Parametric models in prediction

In simple regression or classification problems, we cannot train a parametric model in a way that the fitted model minimizes the out-of-sample prediction error. We could (and did) fit the parametric models manually by adding or removing predictors and their interactions and polynomials. As we have seen in earlier chapters, by dropping a variable in a regression, for example, it is possible to reduce the variance at the cost of a negligible increase in bias.

In fitting the predictive model, some of the variables used in a multiple regression model may not be well associated with the response. Keeping those “irrelevant” variables often leads to unnecessary complexity in the resulting model. Regularization or penalization is an alternative and automated fitting procedure that refers to a process that removes irrelevant variables or shrinks the magnitude of their parameters, which can yield better prediction accuracy and model interpretability by preventing overfitting.

There are several types of regularization techniques that can be used in parametric models. Each of these techniques adds a different type of penalty term to the objective function and can be used in different situations depending on the characteristics of the data and the desired properties of the model. Two methods, Ridge and Lasso, are two of well-known benchmark techniques that reduce the model complexity and prevent overfitting resulting from simple linear regression.

The general principle in penalization can be shown as

\[ \widehat{m}_\lambda(\boldsymbol{x})=\operatorname{argmin}\left\{\sum_{i=1}^n \underbrace{\mathcal{L}\left(y_i, m(\boldsymbol{x})\right)}_{\text {loss function }}+\underbrace{\lambda\|m\|_{\ell_q}}_{\text {penalization }}\right\} \]

where \(\mathcal{L}\) could be conditional mean, quantiles, expectiles, \(m\) could be linear, logit, splines, tree-based models, neural networks. The penalization, \(\ell_q\), could be lasso (\(\ell_1\)) or ridge (\(\ell_2\)). And, \(\lambda\) regulates overfitting that can be determined by cross-validation or other methods. It puts a price to pay for a having more flexible model:

\(\lambda\rightarrow0\): it interpolates data, low bias, high variance
\(\lambda\rightarrow\infty\): linear model high bias, low variance

There are two fundamental goals in statistical learning: achieving a high prediction accuracy and identifying relevant predictors.

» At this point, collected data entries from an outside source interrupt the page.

lemma fibre_sum_limit_q_simplified:
  assumes "2 \<le> q" "fibre_sum_limit absv q f g"
  shows "q_simplified q g"
  unfolding q_simplified_iff
proof safe
  fix k
  assume "g k \<noteq> 0"
  then obtain n where "inverse (real (Suc n)) < absv (g k)"
    using reals_Archimedean[of "absv (g k)"] absv_nonneg[of "g k"] by (auto simp: less_le)
  then have "k \<in> reduce_monomial q ` large_coeffs absv f n"
    using fibre_sum_limit_small[OF assms(2), of k n] by (auto simp: not_less)
  then show "simplified_monomial q k"
    using simplified_reduce_monomial[OF assms(1)] by blast
qed

lemma diff_fibre_sum_limit_in_Iq:
  assumes "2 \<le> q" "f \<in> tate absv" "g \<in> tate absv" "fibre_sum_limit absv q f g"
  shows "ssub f g \<in> Iq absv q"
proof (rule Iq_memberI)
  show "ssub f g \<in> tate absv"
    using assms(2,3) by (rule tate_diff)
  fix c :: real
  assume "0 < c"
  then obtain n where n: "inverse (real (Suc n)) < c"
    using reals_Archimedean by blast
  let ?T = "large_coeffs absv f n"
  define G where "G k = (if k \<in> ?T then f k else 0) - fibre_sum q ?T f k" for k
  have "absv ((f k - (if k \<in> ?T then f k else 0)) - (g k - fibre_sum q ?T f k)) < inverse (real (Suc n))"
    for k
    using assms(4) by (intro absv_diff_less[of _ _ "g k - _"])
      (auto simp: fibre_sum_limit_def large_coeffs_def not_le)
  then have "absv (ssub f g k - G k) < inverse (real (Suc n))" for k
    by (simp add: G_def algebra_simps)
  then have "\<forall>k. absv (ssub f g k - G k) \<le> c"
    using n by (meson less_imp_le less_trans)
  moreover have "G \<in> gen_ideal_q absv q"
    unfolding G_def using assms(1) finite_large_coeffs[OF assms(2)]
    by (rule truncation_minus_fibre_sum_in_gen_ideal_q)
  ultimately show "\<exists>G\<in>gen_ideal_q absv q. \<forall>k. absv (ssub f g k - G k) \<le> c"
    by blast
qed
lemma coset_mean_r_coset:
  assumes C: "C \<in> rcosets H" and S: "S \<subseteq> C" and t: "t \<in> carrier G"
  shows "coset_mean (C #> t) (S #> t) = coset_mean C S"
proof -
  obtain c where c: "c \<in> C" using rcosets_nonempty[OF C] by blast
  have carrier: "c \<in> carrier G" "S \<subseteq> carrier G" using rcosets_eq_r_coset[OF C] c S by blast+
  have "c \<otimes> t \<in> C #> t" using c unfolding r_coset_image by blast
  moreover have "S #> t \<subseteq> C #> t" using S unfolding r_coset_image by blast
  moreover have "(S #> t) #> inv (c \<otimes> t) = S #> inv c"
    using carrier t by (simp add: coset_mult_assoc inv_mult_group m_assoc[symmetric])
  ultimately show ?thesis
    using coset_mean_eq[OF rcosets_r_coset[OF C t]] coset_mean_eq[OF C c S] by simp
qed

definition cosets_mean :: "'a set set \<Rightarrow> 'a set \<Rightarrow> real" where
  "cosets_mean R S = (\<Sum>D\<in>R. coset_mean D (S \<inter> D))"

lemma cosets_mean_Un:
  assumes R: "R \<subseteq> rcosets H" and disj: "S \<inter> S' = {}"
  shows "cosets_mean R (S \<union> S') = cosets_mean R S + cosets_mean R S'"
proof -
  have "coset_mean D ((S \<union> S') \<inter> D) = coset_mean D (S \<inter> D) + coset_mean D (S' \<inter> D)" if "D \<in> R" for D
    using coset_mean_Un[of D "S \<inter> D" "S' \<inter> D"] that R disj by (auto simp: Int_Un_distrib2)
  then show ?thesis unfolding cosets_mean_def by (simp add: sum.distrib)
qed

lemma cosets_mean_mono:
  assumes R: "R \<subseteq> rcosets H" and "S \<subseteq> S'"
  shows "cosets_mean R S \<le> cosets_mean R S'"
proof -
  have "cosets_mean R S' = cosets_mean R S + cosets_mean R (S' - S)"
    using cosets_mean_Un[OF R, of S "S' - S"] assms(2) by (simp add: Un_absorb1)
  moreover have "0 \<le> cosets_mean R (S' - S)"
    unfolding cosets_mean_def using R by (intro sum_nonneg) (auto intro: coset_mean_nonneg)
  ultimately show ?thesis by simp
qed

The second objective, variable selection, is particularly important when there is a true sparsity in the underlying model. By their nature, penalized parametric models are not well-performing tools for prediction. But, they provide important tools for model selection specially when \(p>N\) and the true model is sparse. This section starts with two major models in regularized regressions, Ridge and Lasso, and develops an idea on sparse statistical modelling with Adaptive Lasso.

Although there are many sources on the subject, perhaps the most fundamental one is Statistical Learning with Sparsity by Hastie et al. (2015).